Personal information
- Nationality: Polish
- Born: 2 March 1982 (age 44) Warsaw, Poland
- Height: 1.80 m (5 ft 11 in)

Sport
- Sport: Bobsleigh Athletics
- Club: Śnieżka Karpacz

Medal record
Men's athletics
Representing Poland
European U20 Championships
| Silver medal – second place | 1999 Riga | 4 × 100 m relay |
| Bronze medal – third place | 2001 Grosseto | 4 × 100 m relay |

= Mariusz Latkowski =

Polish bobsledder

Mariusz Latkowski (born 2 March 1982) is a Polish bobsledder and sprinter.

As an athlete, he made his international championship debut at the 1999 World Youth Championships, reaching the semi-final of the 100 metres and not finishing the 4 × 100 metres relay. The next month he won a silver medal in the 4 × 100 m relay at the 1999 European Junior Championships. The Polish team again failed to finish the relay race at the 2000 World Junior Championships, and Latkowski was eliminated in the quarter-final of the 100 metres.

Having won two bronze medals at the 2000 Polish Junior Championships, Latkowski became Polish indoor junior champion in 2001 before taking silver and bronze at the 2001 Polish Junior Championships. At the 2001 European Junior Championships he won relay bronze and competed in the 100 metres. His lifetime bests were 10.57 in the 100 metres and 21.58	seconds in the 200 metres, both achieved in 2000.

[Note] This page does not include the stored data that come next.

text \<open>Moving u0 by s w along the residual w = M u0 - mu u0 changes the nonpositive form
  Q - mu |.|^2 by 2 s |w|^2 + O(s^2), so w = 0.\<close>

lemma eigenvector_of_rayleigh_max:
  fixes M :: "nat \<Rightarrow> nat \<Rightarrow> real"
  assumes sym: "\<And>i j. M i j = M j i" and u0: "u0 \<in> Rk n"
    and bound: "\<And>u. u \<in> Rk n \<Longrightarrow> vinner n u (mv n n M u) \<le> mu * vinner n u u"
    and attained: "vinner n u0 (mv n n M u0) = mu * vinner n u0 u0"
  shows "mv n n M u0 = (\<lambda>j. mu * u0 j)"
proof -
  define w where "w = (\<lambda>j. mv n n M u0 j - mu * u0 j)"
  have wRk: "w \<in> Rk n" using u0 mv_Rk[of n n M u0] unfolding w_def Rk_def by auto
  have ww: "vinner n w w = vinner n w (mv n n M u0) - mu * vinner n u0 w"
  proof -
    have "vinner n w w = vinner n w (\<lambda>j. mv n n M u0 j - mu * u0 j)"
      unfolding w_def[symmetric] by (rule refl)
    then show ?thesis by (simp only: vinner_diff_right vinner_scale_right vinner_commute[of n w u0])
  qed
  define b where "b = vinner n w (mv n n M w) - mu * vinner n w w"
  have "b \<le> 0" unfolding b_def using bound[OF wRk] by simp
  moreover have "2 * s * vinner n w w + s\<^sup>2 * b \<le> 0" for s
  proof -
    define v where "v = (\<lambda>j. u0 j + s * w j)"
    have Qv: "vinner n v (mv n n M v) = vinner n u0 (mv n n M u0)
        + 2 * s * vinner n w (mv n n M u0) + s\<^sup>2 * vinner n w (mv n n M w)"
      unfolding v_def using vinner_mv_symmetric[OF sym, where n = n and w = u0 and u = w]
      by (simp add: mv_add mv_scale vinner_linear power2_eq_square algebra_simps)
    have Nv: "vinner n v v = vinner n u0 u0 + 2 * s * vinner n u0 w + s\<^sup>2 * vinner n w w"
      unfolding v_def by (simp add: vinner_linear vinner_commute[of n w u0] power2_eq_square algebra_simps)
    have "v \<in> Rk n" using u0 wRk unfolding v_def Rk_def by auto
    then have "vinner n v (mv n n M v) - mu * vinner n v v \<le> 0" using bound by simp
    moreover have "vinner n v (mv n n M v) - mu * vinner n v v = 2 * s * vinner n w w + s\<^sup>2 * b"
      unfolding Qv Nv ww b_def using attained by (simp add: algebra_simps)
    ultimately show ?thesis by simp
  qed
  ultimately have "vinner n w w = 0" by (rule quadratic_nonpos_imp_linear_coeff_0)
  moreover have "(\<lambda>j. mu * u0 j) \<in> Rk n" using u0 unfolding Rk_def by simp
  ultimately show ?thesis using Rk_eqI[OF mv_Rk] unfolding w_def vsub_def by blast
qed

lemma quadratic_form_le_by_homogeneity:
  assumes unit: "\<And>w. w \<in> Rk n \<Longrightarrow> vinner n w w = 1 \<Longrightarrow> vinner n w (mv n n M w) \<le> mu"
    and u: "u \<in> Rk n"
  shows "vinner n u (mv n n M u) \<le> mu * vinner n u u"
proof (cases "vinner n u u = 0")
  case True
  then have "u = (\<lambda>_. 0)" using Rk_eqI[OF u, of "\<lambda>_. 0"] unfolding Rk_def vsub_def by simp
  then show ?thesis by (simp add: vinner_def)
next
  case False
  define N where "N = vinner n u u"
  have N0: "N > 0" using False vinner_self_nonneg[of n u] unfolding N_def by linarith
  define c where "c = inverse (sqrt N)"
  have cc: "c * c * N = 1" unfolding c_def using N0 by (simp add: field_simps)
  have "vinner n (\<lambda>j. c * u j) (\<lambda>j. c * u j) = c * c * N"
    unfolding N_def by (simp add: vinner_linear mult.assoc)
  then have "vinner n (\<lambda>j. c * u j) (mv n n M (\<lambda>j. c * u j)) \<le> mu"
    using u cc by (intro unit) (auto simp: Rk_def)
  then have "N * (c * c * vinner n u (mv n n M u)) \<le> N * mu"
    using N0 by (simp add: vinner_linear mv_scale mult.assoc)
  moreover have "N * (c * c * vinner n u (mv n n M u)) = (c * c * N) * vinner n u (mv n n M u)"
    by (simp add: mult_ac)
  ultimately have "(c * c * N) * vinner n u (mv n n M u) \<le> N * mu" by simp
  then have "vinner n u (mv n n M u) \<le> N * mu" unfolding cc by simp
  then show ?thesis unfolding N_def by (simp add: mult.commute)
qed

lemma quadratic_form_le_abs_sum:
  assumes "\<And>j. \<bar>u j\<bar> \<le> 1"
  shows "vinner n u (mv n n M u) \<le> (\<Sum>j<n. \<Sum>k<n. \<bar>M j k\<bar>)"
proof -
  have "vinner n u (mv n n M u) = (\<Sum>j<n. \<Sum>k<n. u j * M j k * u k)"
    unfolding vinner_def mv_def by (simp add: sum_distrib_left mult.assoc)
  also have "\<dots> \<le> (\<Sum>j<n. \<Sum>k<n. \<bar>M j k\<bar>)"
  proof (intro sum_mono)
    fix j k
    have "\<bar>u j\<bar> * \<bar>M j k\<bar> * \<bar>u k\<bar> \<le> 1 * \<bar>M j k\<bar> * 1"
      using assms by (intro mult_mono) auto
    then show "u j * M j k * u k \<le> \<bar>M j k\<bar>"
      using abs_ge_self[of "u j * M j k * u k"] by (simp add: abs_mult)
  qed
  finally show ?thesis .
qed

lemma quadratic_form_sphere_max_exists:
  assumes n: "n \<ge> 1"
  shows "\<exists>u0\<in>Rk n. vinner n u0 u0 = 1 \<and>
           (\<forall>w\<in>Rk n. vinner n w w = 1 \<longrightarrow> vinner n w (mv n n M w) \<le> vinner n u0 (mv n n M u0))"
proof -
  define Q where "Q u = vinner n u (mv n n M u)" for u
  define K where "K = {u \<in> Rk n. vinner n u u = 1}"
  have unit_bound: "\<bar>u j\<bar> \<le> 1" if "u \<in> K" for u j
    using abs_coord_le_of_vnorm_vsub[of u n "\<lambda>_. 0" 1 j] that
    unfolding K_def vsub_def vnorm_def by (simp add: vinner_def)
  have "(\<lambda>j. if j = 0 then 1 else 0) \<in> K"
    using n vinner_unit_left[of 0 n] unfolding K_def Rk_def by simp
  then have ne: "K \<noteq> {}" by blast
  have K_sub: "K \<subseteq> Rk n" unfolding K_def by blast
  have closed: "u \<in> K" if s: "\<And>t. s t \<in> K" and u: "u \<in> Rk n" and lim: "\<And>j. (\<lambda>t. s t j) \<longlonglongrightarrow> u j"
    for s u
  proof -
    have "(\<lambda>t. vinner n (s t) (s t)) \<longlonglongrightarrow> vinner n u u" by (intro tendsto_vinner lim)
    moreover have "(\<lambda>t. vinner n (s t) (s t)) = (\<lambda>t. 1)" using s unfolding K_def by simp
    ultimately have "vinner n u u = 1" using LIMSEQ_unique by (metis tendsto_const)
    then show ?thesis using u unfolding K_def by blast
  qed
  have cont: "(\<lambda>t. Q (s t)) \<longlonglongrightarrow> Q u" if "\<And>j. (\<lambda>t. s t j) \<longlonglongrightarrow> u j" for s u
    unfolding Q_def by (intro tendsto_vinner tendsto_mv that)
  have "Q u \<le> (\<Sum>j<n. \<Sum>k<n. \<bar>M j k\<bar>)" if "u \<in> K" for u
    unfolding Q_def using unit_bound[OF that] by (rule quadratic_form_le_abs_sum)
  then have bdd: "bdd_above (Q ` K)" by (intro bdd_aboveI2) auto
  have "\<exists>u0\<in>K. \<forall>w\<in>K. Q w \<le> Q u0"
    by (rule Rk_attains_sup[where f = Q]) (fact ne K_sub unit_bound closed cont bdd)+
  then show ?thesis unfolding K_def Q_def by blast
qed

lemma quadratic_form_le_lam_max:
  assumes n: "n \<ge> 1" and sym: "\<And>i j. M i j = M j i" and u: "u \<in> Rk n"
  shows "vinner n u (mv n n M u) \<le> lam_max n M * vinner n u u"
proof -
  obtain u0 where u0: "u0 \<in> Rk n" "vinner n u0 u0 = 1"
    and max: "\<forall>w\<in>Rk n. vinner n w w = 1 \<longrightarrow> vinner n w (mv n n M w) \<le> vinner n u0 (mv n n M u0)"
    using quadratic_form_sphere_max_exists[OF n] by blast
  define mu where "mu = vinner n u0 (mv n n M u0)"
  have bound: "vinner n w (mv n n M w) \<le> mu * vinner n w w" if "w \<in> Rk n" for w
    using quadratic_form_le_by_homogeneity[OF _ that] max unfolding mu_def by blast
  have "mv n n M u0 = (\<lambda>j. mu * u0 j)"
    using eigenvector_of_rayleigh_max[OF sym u0(1), where mu = mu] bound u0(2) unfolding mu_def by simp
  moreover have "u0 \<noteq> (\<lambda>_. 0)" using u0(2) by (auto simp: vinner_def)
  ultimately have "mu \<le> lam_max n M"
    unfolding lam_max_def using u0(1) eigenvalues_finite by (intro Max_ge) auto
  then show ?thesis using bound[OF u]
    by (meson mult_right_mono order_trans vinner_self_nonneg)
qed

lemma lam_max_mtm_pos:
  assumes "r < m" "c < n" "A r c \<noteq> 0"
  shows "lam_max n (mtm m n A) > 0"
proof -
  define e where "e = (\<lambda>j::nat. if j = c then (1::real) else 0)"
  have mv_e: "mv n n (mtm m n A) e j = (if j < n then mtm m n A j c else 0)" for j
    using vinner_unit_left[OF assms(2), of "mtm m n A j"]
    unfolding mv_def e_def vinner_def by (simp add: mult.commute)
  have e: "e \<in> Rk n" "vinner n e e = 1"
    using assms(2) vinner_unit_left[OF assms(2)] unfolding e_def Rk_def by auto
  have "vinner n e (mv n n (mtm m n A) e) = mtm m n A c c"
    unfolding mv_e unfolding e_def using vinner_unit_left[OF assms(2)] assms(2) by simp
  have "A r c * A r c \<le> mtm m n A c c" unfolding mtm_def using assms(1) by (intro member_le_sum) auto
  also have "\<dots> \<le> lam_max n (mtm m n A)"
    using quadratic_form_le_lam_max[of n "mtm m n A" e] e \<open>vinner n e (mv n n (mtm m n A) e) = _\<close> assms(2)
    by (simp add: mtm_def mult.commute)
  finally show ?thesis using assms(3) by (metis not_real_square_gt_zero order_less_le_trans)
qed

lemma vinner_mtv_le_lam_max:
  assumes "r < m" "c < n" "A r c \<noteq> 0"
  shows "vinner n (mtv m n A w) (mtv m n A w) \<le> lam_max n (mtm m n A) * vinner m w w"
proof -
  define gm where "gm = lam_max n (mtm m n A)"
  have gm: "gm > 0" unfolding gm_def using lam_max_mtm_pos[of r m c n A] assms by blast
  define u where "u = mtv m n A w"
  define a where "a = mv m n A u"
  have aw: "vinner m a w = vinner n u u" unfolding a_def u_def by (simp add: vinner_mv_mtv)
  have sym: "\<And>i j. mtm m n A i j = mtm m n A j i" unfolding mtm_def by (simp add: mult.commute)
  have "n \<ge> 1" using assms(2) by simp
  from quadratic_form_le_lam_max[of n "mtm m n A", OF this sym mtv_Rk[of m n A w]]
  have aa: "vinner m a a \<le> gm * vinner n u u"
    unfolding a_def u_def gm_def vinner_mv_mtm by (simp add: mult.commute)
  have "0 \<le> vinner m (\<lambda>j. a j - gm * w j) (\<lambda>j. a j - gm * w j)" by (rule vinner_self_nonneg)
  also have "\<dots> = vinner m a a - 2 * gm * vinner m a w + gm * gm * vinner m w w"
    by (simp add: vinner_linear vinner_commute[of m w a] algebra_simps)
  finally have "gm * vinner n u u \<le> gm * (gm * vinner m w w)" using aw aa by (simp add: algebra_simps)
  then show ?thesis using gm unfolding u_def gm_def by simp
qed

section \<open>Support functions and block vectors\<close>

lemma supp_attained:
  assumes "P \<in> C" "\<And>q. q \<in> C \<Longrightarrow> vinner k Y q \<le> vinner k Y P"
  shows "supp k C Y = ereal (vinner k Y P)"
  unfolding supp_def
proof (rule antisym)
  show "(SUP u\<in>C. ereal (vinner k Y u)) \<le> ereal (vinner k Y P)"
    using assms(2) by (intro SUP_least) simp
  show "ereal (vinner k Y P) \<le> (SUP u\<in>C. ereal (vinner k Y u))"
    by (rule SUP_upper2[OF assms(1)]) simp
qed

lemma supp_ge: "q \<in> C \<Longrightarrow> ereal (vinner k Y q) \<le> supp k C Y"
  unfolding supp_def by (rule SUP_upper)

lemma sigD_eq_sum:
  assumes "\<And>j. j \<in> {1..l} \<Longrightarrow> supp (ms j) (C j) (Y j) = ereal (f j)"
  shows "sigD l ms C Y = ereal (\<Sum>j=1..l. f j)"
proof -
  have "sigD l ms C Y = (\<Sum>j=1..l. ereal (f j))" unfolding sigD_def using assms by simp
  then show ?thesis by (simp add: sum_ereal)
qed

lemma dfun_eq_sum:
  assumes "\<And>j. j \<in> {1..l} \<Longrightarrow> supp (ms j) (C j) (Y j) = ereal (f j)"
  shows "dfun l ms n A v C Y = ereal (gfun l ms n A v Y + (\<Sum>j=1..l. f j))"
  unfolding dfun_def using sigD_eq_sum[OF assms] by simp

lemma BS_outside:
  assumes "Y \<in> BS l ms" "\<not> (j \<in> {1..l} \<and> k < ms j)"
  shows "Y j k = 0"
proof (cases "j \<in> {1..l}")
  case True
  then show ?thesis using assms Rk_outside[of "Y j" "ms j" k] unfolding BS_def by auto
qed (use assms in \<open>auto simp: BS_def\<close>)

lemma binner_self_nonneg: "0 \<le> binner l ms Y Y"
  unfolding binner_def by (simp add: sum_nonneg vinner_self_nonneg)

lemma bnorm_nonneg: "0 \<le> bnorm l ms Y"
  unfolding bnorm_def using binner_self_nonneg by simp

lemma bnorm_power2: "(bnorm l ms Y)\<^sup>2 = binner l ms Y Y"
  unfolding bnorm_def using binner_self_nonneg by simp

lemma abs_coord_diff_le_bnorm:
  assumes "Y \<in> BS l ms" "Z \<in> BS l ms"
  shows "\<bar>Y j k - Z j k\<bar> \<le> bnorm l ms (bsub Y Z)"
proof (cases "j \<in> {1..l} \<and> k < ms j")
  case True
  have "\<bar>Y j k - Z j k\<bar> \<le> vnorm (ms j) (vsub (Y j) (Z j))"
    using abs_coord_le_vnorm[of k "ms j" "vsub (Y j) (Z j)"] True by (simp add: vsub_def)
  also have "\<dots> \<le> bnorm l ms (bsub Y Z)" unfolding vnorm_def bnorm_def binner_def bsub_def
    using True by (intro real_sqrt_le_mono member_le_sum) (auto simp: vinner_self_nonneg)
  finally show ?thesis .
next
  case False
  then show ?thesis using BS_outside[OF assms(1) False] BS_outside[OF assms(2) False] bnorm_nonneg
    by simp
qed

lemma tendsto_coord_diff_0:
  assumes "\<And>t. F t \<in> BS l ms" "\<And>t. G t \<in> BS l ms"
    and "(\<lambda>t. bnorm l ms (bsub (F t) (G t))) \<longlonglongrightarrow> 0"
  shows "(\<lambda>t. F t j k - G t j k) \<longlonglongrightarrow> 0"
proof (rule tendsto_0_le[OF assms(3), where K = 1])
  have "norm (F t j k - G t j k) \<le> norm (bnorm l ms (bsub (F t) (G t))) * 1" for t
    using abs_coord_diff_le_bnorm[OF assms(1)[of t] assms(2)[of t], of j k] by simp
  then show "\<forall>\<^sub>F t in sequentially. norm (F t j k - G t j k) \<le> norm (bnorm l ms (bsub (F t) (G t))) * 1"
    by (intro always_eventually allI)
qed

lemma tendsto_bnorm_0:
  assumes "\<And>i k. (\<lambda>t. F t i k) \<longlonglongrightarrow> 0"
  shows "(\<lambda>t. bnorm l ms (F t)) \<longlonglongrightarrow> 0"
proof -
  have "(\<lambda>t. \<Sum>i=1..l. \<Sum>k<ms i. F t i k * F t i k) \<longlonglongrightarrow> (\<Sum>i=1..l. \<Sum>k<ms i. (0::real) * 0)"
    by (intro tendsto_sum tendsto_mult assms)
  then have "(\<lambda>t. sqrt (\<Sum>i=1..l. \<Sum>k<ms i. F t i k * F t i k)) \<longlonglongrightarrow> sqrt 0"
    by (intro tendsto_real_sqrt) simp
  then show ?thesis unfolding bnorm_def binner_def vinner_def by simp
qed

He competed in the four man bobsleigh event at the 2006 Winter Olympics, where the Polish team finished 15th. At the 2006 Olympics, Latkowski defending the Italian organizing committee's accommodations for athletes amidst controversy over bland foods, saying, "I think the food is good, especially the Chinese food [...] But I'm sad there isn't a McDonalds here."